Sports Gras: Manscaping, Scrotox, and Roman Dominate Day 1

Sports Gras: Manscaping, Scrotox, and Roman Dominate Day 1

There you are on Bourbon Street. It’s the first day of Sports Gras.


A tent city has sprouted up along the sidewalks.


Look, there’s Gronk. His tent is packed to the ceiling with Manscape lawnmower razors. They’re for shaving men’s overgrown man regions.


Gronk demonstrates how it works. The crowd gawks.


“See, just run the lawnmower like you do in your yard, trim your hedges, and you’ll be all set. Now I’m ready to play tomorrow. I’ll be able to run faster and catch more balls with less bushy balls.”


Mr. T (Clubber Lang) wants a piece of this action. “I want the lawnmower to shape up my region like a mohawk just like my head.”


One tent over a similar scene unfolds. Stephen A. lies on a surgeon’s table. A doctor sticks a needle in his scrotum.


It’s a new procedure called scrotox that’s become quite a national craze like the pet rock. The aim is to reduce scrotum sweat. Scrotox also enlarges some men’s balls.


“I work so hard my scrotum sweats too much, damnit,” says Stephen A. “I ain’t kidding around.”


On to the next tent. It’s Forrest Gump’s ping pong casino. He’s the best in the world. Sports Gras attendees step right up and try to beat Forrest. None of them do.


But Forrest offers every loser a consolation prize. He fills two three-foot-long hurricane glasses filled to the brim with Dr. Pepper. He and the loser race to see who can chug the soda down the fastest.


Forrest wins but the loser gets a lot of delicious Dr. Pepper for being a good-natured participant.


The next tent has a different feel. It’s Tom Brady’s venue where his wife, Gisele, and dozens of supermodels swarm around him caressing his shoulders.


Brady talks about how he’s fending off Father Time using Roman. It’s a product that helps men suffering from erectile dysfunction. The treatment also adjusts the shape of men’s Johnsons if, for example, they’ve become curved like disfigured pickles.


“Roman makes me feel like a Roman,” says Brady. “That’s why at my old age I’m able to take my team deep into the NFL playoffs and will scorch the Saints tomorrow at the Superdome. All it takes is a little straightening out.”

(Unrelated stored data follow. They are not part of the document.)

lemma step_distance_bound:
  assumes "\<And>j. j \<le> k \<Longrightarrow> S j \<in> \<T>"
  shows "(2 - 1 / c k) * (batch_fun f (S k) (x S k) - batch_fun f (S k) xs)
    \<le> ((norm (x S k - xs))\<^sup>2 - (norm (x S (Suc k) - xs))\<^sup>2) / \<gamma> S (Suc k)
       + (batch_fun f (S k) xs - lstar (S k)) / c k"
  unfolding x_Suc[of S k]
proof (rule polyak_step_distance[OF convex_batch has_derivative_batch])
  show "S k \<in> \<T>" "S k \<in> \<T>" "0 < c k"
    using assms c_ge_1[of k] by auto
  show "0 < \<gamma> S (Suc k)"
    using assms by (intro stepsize_pos) auto
  show "c k * \<gamma> S (Suc k) * (norm (batch_grad g (S k) (x S k)))\<^sup>2
      \<le> batch_fun f (S k) (x S k) - lstar (S k)"
    using assms stepsize_lower_bound[of k S] by (intro step_stepsize_bounds(3)) auto
qed

lemma weighted_batch_gap_sum_le:
  assumes K: "1 \<le> K" and S: "\<And>k. k < K \<Longrightarrow> S k \<in> \<T>"
    and D: "\<And>k. k < K \<Longrightarrow> (norm (x S k - xs))\<^sup>2 \<le> D"
  shows "(\<Sum>k<K. (2 - 1 / c k) * (batch_fun f (S k) (x S k) - batch_fun f (S k) xs))
    \<le> 2 * c (K - 1) * Lt * D + (\<Sum>k<K. (batch_fun f (S k) xs - lstar (S k)) / c k)"
proof -
  define r where "r k = (norm (x S k - xs))\<^sup>2" for k
  have "(\<Sum>k<K. (2 - 1 / c k) * (batch_fun f (S k) (x S k) - batch_fun f (S k) xs))
      \<le> (\<Sum>k<K. (r k - r (Suc k)) / \<gamma> S (Suc k) + (batch_fun f (S k) xs - lstar (S k)) / c k)"
    unfolding r_def by (intro sum_mono step_distance_bound S) auto
  moreover have "(\<Sum>k<K. (r k - r (Suc k)) / \<gamma> S (Suc k)) \<le> (D - r K) / \<gamma> S (Suc (K - 1))"
  proof (rule telescoping_sum_div_le)
    show "\<gamma> S (Suc (Suc k)) \<le> \<gamma> S (Suc k)" if "Suc k < K" for k
      using that by (intro stepsize_Suc_le S) auto
    show "0 < \<gamma> S (Suc k)" if "k < K" for k
      using that by (intro stepsize_pos S) auto
  qed (use K D in \<open>auto simp: r_def\<close>)
  moreover have "(D - r K) / \<gamma> S K \<le> D / \<gamma> S K"
    using stepsize_pos[of K S, OF S] by (intro divide_right_mono) (auto simp: r_def)
  moreover have "D / \<gamma> S K \<le> 2 * c (K - 1) * Lt * D"
  proof -
    have "0 < \<gamma> S K"
      using S by (rule stepsize_pos)
    moreover have "1 / (2 * Lt) \<le> c (K - 1) * \<gamma> S K"
      using S by (rule stepsize_lower_bound)
    ultimately have "1 / \<gamma> S K \<le> 2 * c (K - 1) * Lt"
      using Lt_pos by (simp add: field_simps)
    moreover have "0 \<le> D"
      using D[of 0] K by (smt (verit) zero_le_power2 less_le_trans zero_less_one)
    ultimately show ?thesis
      using mult_left_mono[of "1 / \<gamma> S K" "2 * c (K - 1) * Lt" D] by (simp add: mult.commute)
  qed
  ultimately show ?thesis
    using K by (simp add: sum.distrib)
qed

end
fun feval :: "'d set \<Rightarrow> (nat \<Rightarrow> 'd \<Rightarrow> bool) \<Rightarrow> (nat \<Rightarrow> 'd) \<Rightarrow> fol \<Rightarrow> bool" where
  "feval D I e (FPred a x) = I a (e x)"
| "feval D I e (FEq x y) = (e x = e y)"
| "feval D I e (FNeg \<phi>) = (\<not> feval D I e \<phi>)"
| "feval D I e (FOr \<phi> \<psi>) = (feval D I e \<phi> \<or> feval D I e \<psi>)"
| "feval D I e (FAnd \<phi> \<psi>) = (feval D I e \<phi> \<and> feval D I e \<psi>)"
| "feval D I e (FImp \<phi> \<psi>) = (feval D I e \<phi> \<longrightarrow> feval D I e \<psi>)"
| "feval D I e (FEx x \<phi>) = (\<exists>d\<in>D. feval D I (e(x := d)) \<phi>)"
| "feval D I e (FAll x \<phi>) = (\<forall>d\<in>D. feval D I (e(x := d)) \<phi>)"

text \<open>Validity: truth in every structure with nonempty domain, \<open>=\<close> interpreted as identity.
  Domains are taken to be nonempty sets of natural numbers (sufficient by
  Loewenheim-Skolem).\<close>
definition fol_valid :: "fol \<Rightarrow> bool" where
  "fol_valid \<phi> \<longleftrightarrow>
     (\<forall>(D::nat set) I e. D \<noteq> {} \<longrightarrow> (\<forall>x. e x \<in> D) \<longrightarrow> feval D I e \<phi>)"

fun T :: "form \<Rightarrow> fol" where
  "T (Eps a b) =
     FAnd (FEx 0 (FAnd (FPred a 0) (FPred b 0)))
          (FAll 0 (FAll 1 (FImp (FAnd (FPred a 0) (FPred a 1)) (FEq 0 1))))"
| "T (Or A B) = FOr (T A) (T B)"
| "T (Neg A) = FNeg (T A)"

end

theory Submission
  imports Defs
begin

text \<open>The two axioms have obvious
  countermodels, \<open>\<turnstile>\<^sub>H\<close> is sound under \<open>T\<close> so the implication rule transports invalidity
  backwards, and renaming name variables amounts to renaming the predicates \<open>F\<^sub>a\<close>. For the last
  rule, the Hintikka closure conditions on the negative atoms \<open>\<epsilon>ab\<close> of \<open>A\<close> are exactly what is
  needed to build a structure in which \<open>T(\<epsilon>cd)\<close> holds iff \<open>\<epsilon>cd\<close> is a negative part of \<open>A\<close>: the
  names \<open>c\<close> with \<open>\<epsilon>cc\<close> negative denote singletons, one per class of the induced equivalence,
  and all others denote sets with at least two elements. In it the literal disjunction \<open>A\<close> and
  the new atom \<open>\<epsilon>ab\<close> are both false.\<close>

lemma feval_T_pinst: "feval D I e (T (pinst s P)) = peval (\<lambda>n. feval D I e (T (s n))) P"
  by (induction P) auto

lemma feval_T_nsubst: "feval D I e (T (nsubst s A)) = feval D (\<lambda>a. I (s a)) e (T A)"
  by (induction A) auto

lemma fol_valid_T_Imp: "fol_valid (T (Imp A B)) \<Longrightarrow> fol_valid (T A) \<Longrightarrow> fol_valid (T B)"
  unfolding fol_valid_def Imp_def by simp
lemma H_t_powers:
  assumes order: "\<And>j. 0 < j \<Longrightarrow> j < n \<Longrightarrow> \<sigma> ^^ j \<noteq> id" and n: "1 < n"
    and deg: "1 < degree f" "degree f - 1 \<le> n" and monic: "lead_coeff f = 1"
  shows "\<exists>k. k \<noteq> 0 \<and> H (monom 1 1) = monom k 1 \<and>
      (\<forall>i\<in>{1..degree f - 1}. \<forall>z. z \<noteq> 0 \<longrightarrow>
         H (monom z i) = H [:z:] \<circ>\<^sub>f sf_pow \<sigma> f (H (monom 1 1)) i \<and>
         H (monom z i) = [:const_aut z:] \<circ>\<^sub>f sf_pow \<sigma> f (monom k 1) i \<and>
         H (monom z i) = monom (const_aut z * (\<Prod>l<i. (\<sigma> ^^ l) k)) i) \<and>
      (\<forall>i\<in>{1..degree f}.
         H (sf_pow \<sigma> f (monom 1 1) i) = sf_pow \<sigma> f (H (monom 1 1)) i \<and>
         H (sf_pow \<sigma> f (monom 1 1) i) = sf_pow \<sigma> f (monom k 1) i \<and>
         H (sf_pow \<sigma> f (monom 1 1) i) = smult (\<Prod>l<i. (\<sigma> ^^ l) k) (sf_pow \<sigma> f (monom 1 1) i)) \<and>
      H (monom 1 (degree f) - f) = smult (\<Prod>l<degree f. (\<sigma> ^^ l) k) (monom 1 (degree f) - f)"
proof -
  obtain k where k: "k \<noteq> 0" "H (monom 1 1) = monom k 1"
    using H_t_monomial[OF order n deg(1)] deg(2) by (metis le_diff_conv)
  have H_pow: "H (sf_pow \<sigma> f (monom 1 1) i) = sf_pow \<sigma> f (H (monom 1 1)) i \<and>
      H (sf_pow \<sigma> f (monom 1 1) i) = sf_pow \<sigma> f (monom k 1) i \<and>
      H (sf_pow \<sigma> f (monom 1 1) i) = smult (\<Prod>l<i. (\<sigma> ^^ l) k) (sf_pow \<sigma> f (monom 1 1) i)"
    if "i \<in> {1..degree f}" for i
    using H_sf_pow_t[OF k(2) deg(1), of i] k(2) that by simp
  have H_monom_all: "H (monom z i) = H [:z:] \<circ>\<^sub>f sf_pow \<sigma> f (H (monom 1 1)) i \<and>
      H (monom z i) = [:const_aut z:] \<circ>\<^sub>f sf_pow \<sigma> f (monom k 1) i \<and>
      H (monom z i) = monom (const_aut z * (\<Prod>l<i. (\<sigma> ^^ l) k)) i"
    if "i \<in> {1..degree f - 1}" "z \<noteq> 0" for i z
  proof -
    have "0 < i" "i < degree f"
      using that deg(1) by auto
    from H_monom[OF k(2) this that(2)] show ?thesis
      by simp
  qed
  have "H (monom 1 (degree f) - f) = smult (\<Prod>l<degree f. (\<sigma> ^^ l) k) (monom 1 (degree f) - f)"
    using H_pow[of "degree f"] deg(1) unfolding sf_pow_t_degree[OF monic] by auto
  then show ?thesis
    using k H_monom_all H_pow by blast
qed

end
(* Let $a$ and $b$ be relatively prime integers with $1<a<b$, let $(u,v)$ be the definitely least solution of $ax+by=1$, and let $S=\langle a,b\rangle$. If $I_{i,a}(S)\neq\varnothing$ for some $i\in\{1,\dots,a-1\}$ and $h_i=\min I_{i,a}(S)$, then $I_{i,a}(S)=\{h_i,h_i+a,\dots,h_i+(|u|-1)a\}$.
   Context: $\langle a,b\rangle=\{\lambda_1a+\lambda_2b:\lambda_1,\lambda_2\in\mathbb{N}\}$. $I(S)$ is the set of isolated gaps of $S$ ($x\in\mathbb{N}\setminus S$ with $x-1,x+1\in S$), and $I_{i,a}(S)=\{s\in I(S):s\equiv i\pmod a\}$. The definitely least solution $(u,v)$ of $ax+by=1$ is the unique integer solution with $|u|,|v|$ minimal; equivalently the one with $|u|\le b/2$, $|v|\le a/2$. *)

theory Defs
  imports Main
begin

definition gen2 :: "nat \<Rightarrow> nat \<Rightarrow> nat set" where
  "gen2 a b = {l1 * a + l2 * b | l1 l2. True}"

definition isolated_gaps :: "nat set \<Rightarrow> nat set" where
  "isolated_gaps S = {x. 0 < x \<and> x \<notin> S \<and> x - 1 \<in> S \<and> x + 1 \<in> S}"

definition isolated_gaps_mod :: "nat set \<Rightarrow> nat \<Rightarrow> nat \<Rightarrow> nat set" where
  "isolated_gaps_mod S i a = {s \<in> isolated_gaps S. s mod a = i mod a}"

definition definitely_least_solution :: "int \<Rightarrow> int \<Rightarrow> int \<Rightarrow> int \<Rightarrow> bool" where
  "definitely_least_solution a b u v \<longleftrightarrow>
     a * u + b * v = 1 \<and> 2 * \<bar>u\<bar> \<le> b \<and> 2 * \<bar>v\<bar> \<le> a"

end

theory Submission
  imports Defs
begin

(* Since a u + b v = 1, we have v b = 1 (mod a), and b ((n v) mod a) is the least element
   of <a,b> congruent to n modulo a. So n lies in <a,b> iff it is at least this threshold,
   and passing from n to n + 1 or n - 1 shifts the coefficient (n v) mod a by +v or -v.
   For a gap n = i (mod a) below the threshold y b, y = (i v) mod a, both neighbours can
   lie in <a,b> only if the shifted coefficients y + |v| and y - |v| wrap around modulo a
   in the right direction. Then |v| b = sgn v + |u| a turns the two neighbour conditions
   into the linear bounds n >= y b - |u| a and n >= y b + |u| a - a b, of which the second
   is implied by the first because 2 |u| <= b. Hence the isolated gaps of the class are
   y b - k a for k = 1, ..., |u|. *)

lemma gen2_mem_iff:
  fixes a b n :: nat and u v :: int
  assumes bezout: "int a * u + int b * v = 1" and "0 < a"
  shows "n \<in> gen2 a b \<longleftrightarrow> (int n * v) mod int a * int b \<le> int n"
proof
  assume "n \<in> gen2 a b"
  then obtain l1 l2 where n: "n = l1 * a + l2 * b" unfolding gen2_def by blast
  have "int n * v = int l2 * (int a * u + int b * v) + int a * (int l1 * v - int l2 * u)"
    unfolding n by (simp add: algebra_simps)
  then have "int n * v = int l2 + int a * (int l1 * v - int l2 * u)" using bezout by simp
  then have "(int n * v) mod int a = int l2 mod int a" by simp
  also have "\<dots> \<le> int l2" using \<open>0 < a\<close> by (simp add: zmod_le_nonneg_dividend)
  finally have "(int n * v) mod int a * int b \<le> int l2 * int b" by (simp add: mult_right_mono)
  also have "\<dots> \<le> int n" unfolding n by simp
  finally show "(int n * v) mod int a * int b \<le> int n" .
next
  assume below: "(int n * v) mod int a * int b \<le> int n"
  define l2 where "l2 = (int n * v) mod int a"
  define q where "q = (int n * v) div int a"
  define l1 where "l1 = int n * u + int b * q"
  have "0 \<le> l2" using \<open>0 < a\<close> unfolding l2_def by simp
  have "int n * v = q * int a + l2" unfolding l2_def q_def by simp
  then have "int n - l2 * int b = int n * (int a * u + int b * v) - l2 * int b"
    using bezout by simp
  also have "\<dots> = int a * (int n * u) + (int n * v - l2) * int b" by (simp add: algebra_simps)
  also have "\<dots> = l1 * int a"
    using \<open>int n * v = q * int a + l2\<close> unfolding l1_def by (simp add: algebra_simps)
  finally have n: "int n = l1 * int a + l2 * int b" by linarith
  then have "0 \<le> l1 * int a" using below unfolding l2_def by simp
  then have "0 \<le> l1" using \<open>0 < a\<close> by (simp add: zero_le_mult_iff)
  with n \<open>0 \<le> l2\<close> have "int n = int (nat l1 * a + nat l2 * b)" by simp
  then have "n = nat l1 * a + nat l2 * b" by (simp only: of_nat_eq_iff)
  then show "n \<in> gen2 a b" unfolding gen2_def by blast
qed

lemma mod_mult_bezout_coeff:
  fixes a b u v x :: int
  assumes "a * u + b * v = 1"
  shows "(x * v) mod a * b mod a = x mod a"
proof -
  have "(x * v) mod a * b mod a = x * v * b mod a" by (simp add: mod_mult_left_eq)
  also have "x * v * b = x * (a * u + b * v) + a * (- x * u)" by (simp add: algebra_simps)
  also have "\<dots> = x + a * (- x * u)" using assms by simp
  finally show ?thesis by (simp only: mod_mult_self2)
qed

lemma bezout_abs_coeff:
  fixes a b u v :: int
  assumes "1 < a" "1 < b" "a * u + b * v = 1"
  shows "v \<noteq> 0" and "\<bar>v\<bar> * b = sgn v + \<bar>u\<bar> * a"
proof -
  show "v \<noteq> 0"
  proof
    assume "v = 0"
    then have "a * u = 1" using assms(3) by simp
    then show False using assms(1) by (simp add: zmult_eq_1_iff)
  qed
  show "\<bar>v\<bar> * b = sgn v + \<bar>u\<bar> * a"
  proof (cases "0 < v")
    case True
    then have "b * 1 \<le> b * v" using assms(2) by (intro mult_left_mono) auto
    then have "a * u < 0" using assms by linarith
    then have "u < 0" using assms(1) by (simp add: mult_less_0_iff)
    then show ?thesis using True assms(3) by (simp add: algebra_simps)
  next
    case False
    then have "v < 0" using \<open>v \<noteq> 0\<close> by simp
    then have "b * v \<le> b * (- 1)" using assms(2) by (intro mult_left_mono) auto
    then have "0 < a * u" using assms by linarith
    then have "0 < u" using assms(1) by (simp add: zero_less_mult_iff)
    then show ?thesis using \<open>v < 0\<close> assms(3) by (simp add: algebra_simps)
  qed
qed
lemma percolates_iff_no_cut:
  "percolates x (\<lambda>_ _. True) \<longleftrightarrow> (\<forall>n\<ge>1. \<not> cut_between x 0 n)"
proof
  assume "percolates x (\<lambda>_ _. True)"
  moreover have "finite {j. connected_to x (\<lambda>_ _. True) 0 j}" if "cut_between x 0 n" "1 \<le> n" for n
    using connected_to_below_cut[OF that] by (auto intro: finite_subset[of _ "{0..<int n}"])
  ultimately show "\<forall>n\<ge>1. \<not> cut_between x 0 n"
    unfolding percolates_def by blast
next
  assume "\<forall>n\<ge>1. \<not> cut_between x 0 n"
  then have "range int \<subseteq> {j. connected_to x (\<lambda>_ _. True) 0 j}"
    using connected_to_if_no_cut by auto
  moreover have "infinite (range int)"
    by (simp add: finite_image_iff)
  ultimately show "percolates x (\<lambda>_ _. True)"
    unfolding percolates_def using finite_subset by blast
qed

section \<open>Percolation with random range and all bonds open\<close>

locale random_range_percolation = prob_space M for M :: "'a measure" +
  fixes N :: "int \<Rightarrow> 'a \<Rightarrow> nat" and \<beta> :: real
  assumes indep_range: "indep_vars (\<lambda>_. count_space UNIV) N UNIV"
    and prob_range_ge: "\<And>i n. n \<ge> 1 \<Longrightarrow> prob {\<omega> \<in> space M. N i \<omega> \<ge> n} = 1 - exp (- \<beta> / real n)"
begin
(* Let $R$ be a commutative domain of finite character with field of fractions $Q$, let $\Lambda$ be an $R$-algebra finitely generated as an $R$-module, and let $M,N,K$ be finitely generated right $\Lambda$-modules which are torsion-free as $R$-modules. Assume that $M_\mathfrak m$ is a direct summand of $N_\mathfrak m$ for every maximal ideal $\mathfrak m$ of $R$, and that $M\otimes_R Q$ is a direct summand of $K\otimes_R Q$ (as $\Lambda\otimes_R Q$-modules). Then $M$ is a direct summand of $N\oplus K$.
   Context: A commutative domain has finite character if every non-zero element lies in only finitely many maximal ideals. A module is torsion-free over $R$ if $M\to M\otimes_R Q$ is injective. *)

theory Defs
  imports Main
begin

definition r_ideal :: "'r::comm_ring_1 set \<Rightarrow> bool" where
  "r_ideal I \<longleftrightarrow> 0 \<in> I \<and> (\<forall>x\<in>I. \<forall>y\<in>I. x + y \<in> I) \<and> (\<forall>r. \<forall>x\<in>I. r * x \<in> I)"

definition max_ideal :: "'r::comm_ring_1 set \<Rightarrow> bool" where
  "max_ideal I \<longleftrightarrow> r_ideal I \<and> I \<noteq> UNIV \<and>
     (\<forall>J. r_ideal J \<and> I \<subseteq> J \<longrightarrow> J = I \<or> J = UNIV)"

definition finite_character :: "'r::idom itself \<Rightarrow> bool" where
  "finite_character _ \<longleftrightarrow> (\<forall>r::'r. r \<noteq> 0 \<longrightarrow> finite {m. max_ideal m \<and> r \<in> m})"

definition is_algebra_map :: "('r::comm_ring_1 \<Rightarrow> 'a::ring_1) \<Rightarrow> bool" where
  "is_algebra_map \<phi> \<longleftrightarrow> \<phi> 1 = 1 \<and> (\<forall>r s. \<phi> (r + s) = \<phi> r + \<phi> s) \<and>
     (\<forall>r s. \<phi> (r * s) = \<phi> r * \<phi> s) \<and> (\<forall>r a. \<phi> r * a = a * \<phi> r)"

definition fg_over_base :: "('r::comm_ring_1 \<Rightarrow> 'a::ring_1) \<Rightarrow> bool" where
  "fg_over_base \<phi> \<longleftrightarrow> (\<exists>G. finite G \<and> (\<forall>a. \<exists>c. a = (\<Sum>g\<in>G. \<phi> (c g) * g)))"

definition right_module :: "('m::ab_group_add \<Rightarrow> 'a::ring_1 \<Rightarrow> 'm) \<Rightarrow> bool" where
  "right_module act \<longleftrightarrow> (\<forall>x. act x 1 = x) \<and> (\<forall>x a b. act x (a * b) = act (act x a) b) \<and>
     (\<forall>x y a. act (x + y) a = act x a + act y a) \<and> (\<forall>x a b. act x (a + b) = act x a + act x b)"

definition fg_right_module :: "('m::ab_group_add \<Rightarrow> 'a::ring_1 \<Rightarrow> 'm) \<Rightarrow> bool" where
  "fg_right_module act \<longleftrightarrow> (\<exists>G. finite G \<and> (\<forall>x. \<exists>c. x = (\<Sum>g\<in>G. act g (c g))))"

text \<open>\<open>sm\<close> is the R-scalar multiplication (x, r) \<mapsto> x r. S^-1 M is the set of classes of pairs (x, s).\<close>

definition loc_rel :: "('m::ab_group_add \<Rightarrow> 'r::comm_ring_1 \<Rightarrow> 'm) \<Rightarrow> 'r set \<Rightarrow> (('m \<times> 'r) \<times> ('m \<times> 'r)) set" where
  "loc_rel sm S = {((x, s), (y, t)). s \<in> S \<and> t \<in> S \<and> (\<exists>u\<in>S. sm (sm x t - sm y s) u = 0)}"

definition loc :: "('m::ab_group_add \<Rightarrow> 'r::comm_ring_1 \<Rightarrow> 'm) \<Rightarrow> 'r set \<Rightarrow> ('m \<times> 'r) set set" where
  "loc sm S = (UNIV \<times> S) // loc_rel sm S"

definition loc_class :: "('m::ab_group_add \<Rightarrow> 'r::comm_ring_1 \<Rightarrow> 'm) \<Rightarrow> 'r set \<Rightarrow> 'm \<Rightarrow> 'r \<Rightarrow> ('m \<times> 'r) set" where
  "loc_class sm S x s = loc_rel sm S `` {(x, s)}"

definition loc_add :: "('m::ab_group_add \<Rightarrow> 'r::comm_ring_1 \<Rightarrow> 'm) \<Rightarrow> 'r set \<Rightarrow>
    ('m \<times> 'r) set \<Rightarrow> ('m \<times> 'r) set \<Rightarrow> ('m \<times> 'r) set" where
  "loc_add sm S X Y = (case (SOME p. p \<in> X, SOME q. q \<in> Y) of
      ((x, s), (y, t)) \<Rightarrow> loc_class sm S (sm x t + sm y s) (s * t))"

definition loc_act :: "('m::ab_group_add \<Rightarrow> 'r::comm_ring_1 \<Rightarrow> 'm) \<Rightarrow> 'r set \<Rightarrow> ('m \<Rightarrow> 'a \<Rightarrow> 'm) \<Rightarrow>
    ('m \<times> 'r) set \<Rightarrow> ('a \<times> 'r) set \<Rightarrow> ('m \<times> 'r) set" where
  "loc_act sm S act X A = (case (SOME p. p \<in> X, SOME q. q \<in> A) of
      ((x, s), (a, t)) \<Rightarrow> loc_class sm S (act x a) (s * t))"

text \<open>Complement of a prime (maximal) ideal, and the non-zero elements (giving M tensor_R Q).\<close>
abbreviation nonzeros :: "'r::idom set" where "nonzeros \<equiv> UNIV - {0}"

text \<open>Torsion-free: the canonical map M \<rightarrow> M tensor_R Q = (R - 0)^-1 M, x \<mapsto> x/1, is injective.\<close>
definition torsion_free :: "('m::ab_group_add \<Rightarrow> 'r::idom \<Rightarrow> 'm) \<Rightarrow> bool" where
  "torsion_free sm \<longleftrightarrow> inj (\<lambda>x. loc_class sm nonzeros x 1)"

definition is_direct_summand ::
  "'x set \<Rightarrow> ('x \<Rightarrow> 'x \<Rightarrow> 'x) \<Rightarrow> ('x \<Rightarrow> 's \<Rightarrow> 'x) \<Rightarrow>
   'y set \<Rightarrow> ('y \<Rightarrow> 'y \<Rightarrow> 'y) \<Rightarrow> ('y \<Rightarrow> 's \<Rightarrow> 'y) \<Rightarrow> 's set \<Rightarrow> bool" where
  "is_direct_summand CM addM actM CN addN actN Sc \<longleftrightarrow>
    (\<exists>f C. (\<forall>x\<in>CM. f x \<in> CN) \<and> inj_on f CM \<and>
       (\<forall>x\<in>CM. \<forall>y\<in>CM. f (addM x y) = addN (f x) (f y)) \<and>
       (\<forall>x\<in>CM. \<forall>a\<in>Sc. f (actM x a) = actN (f x) a) \<and>
       C \<subseteq> CN \<and> C \<noteq> {} \<and>
       (\<forall>x\<in>C. \<forall>y\<in>C. addN x y \<in> C) \<and> (\<forall>x\<in>C. \<forall>a\<in>Sc. actN x a \<in> C) \<and>
       (\<forall>n\<in>CN. \<exists>!p. fst p \<in> f ` CM \<and> snd p \<in> C \<and> n = addN (fst p) (snd p)))"

definition loc_direct_summand ::
  "('r::comm_ring_1 \<Rightarrow> 'a::ring_1) \<Rightarrow> 'r set \<Rightarrow> ('m::ab_group_add \<Rightarrow> 'a \<Rightarrow> 'm) \<Rightarrow> ('n::ab_group_add \<Rightarrow> 'a \<Rightarrow> 'n) \<Rightarrow> bool" where
  "loc_direct_summand \<phi> S actM actN \<longleftrightarrow>
    (let smM = (\<lambda>x r. actM x (\<phi> r)); smN = (\<lambda>x r. actN x (\<phi> r)); smL = (\<lambda>a r. a * \<phi> r) in
     is_direct_summand (loc smM S) (loc_add smM S) (loc_act smM S actM)
                       (loc smN S) (loc_add smN S) (loc_act smN S actN) (loc smL S))"

end

theory Submission
  imports Defs "Jordan_Normal_Form.Char_Poly" "HOL-Library.Product_Plus"
begin

(* Say that multiplication by u on M factors through N if there are \<Lambda>-maps f : M \<rightarrow> N and
   g : N \<rightarrow> M with g \<circ> f = u. Clearing denominators, the splitting of M\<^sub>m off N\<^sub>m gives such a
   factorisation with u \<notin> m, and the splitting of M \<otimes> Q off K \<otimes> Q one with some t \<noteq> 0 through K.
   Only the finitely many maximal ideals containing t matter. Combining their local maps with
   separating coefficients c\<^sub>m (c\<^sub>m \<notin> m, c\<^sub>m \<in> m' for m' \<noteq> m) yields an endomorphism y = \<delta> \<circ> \<gamma> of M
   which is congruent to a scalar outside m modulo each such m; the determinant trick then gives a
   polynomial q with y \<circ> q(y) = a, where a lies in none of them. So a and t are comaximal,
   a' a + t' t = 1, and multiplication by 1 factors through N \<oplus> K, i.e. M is a direct summand. *)

section \<open>Ideals of a commutative ring\<close>

lemma r_ideal_zero: "r_ideal I \<Longrightarrow> 0 \<in> I"
  by (simp add: r_ideal_def)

Directly in front of Brady’s tent is the daily Sports Gras parade down the middle of the street. There goes Dennis Rodman in his wedding dress.


Now what? A giant red white and blue wedding cake the size of Gronk. There’s movement inside. The cake shakes.


Two old men burst through the icing. It’s Robert Kraft and Bill Belch.


“Tommy, we need you back in New England so bad,” says Kraft. “I love you and miss you so much. We can’t win our seventh Super Bowl without you.”


“You had your chance and you blew it,” said Brady. “But you might want some of this Roman, Robert. It’ll help you perform better when you go to Rosy’s Rubdowns.”


“Gimme some of that Roman,” says Belch. “Ever since you left we’ve been lost and we’re losing. I need something to get me straightened out and performing at a higher level. Old age isn’t gonna stop me from winning.”


Across the street, the warm up band, the Rolling Stones, plays “You Can’t Always Get What You Want But You Can Get What You Need.”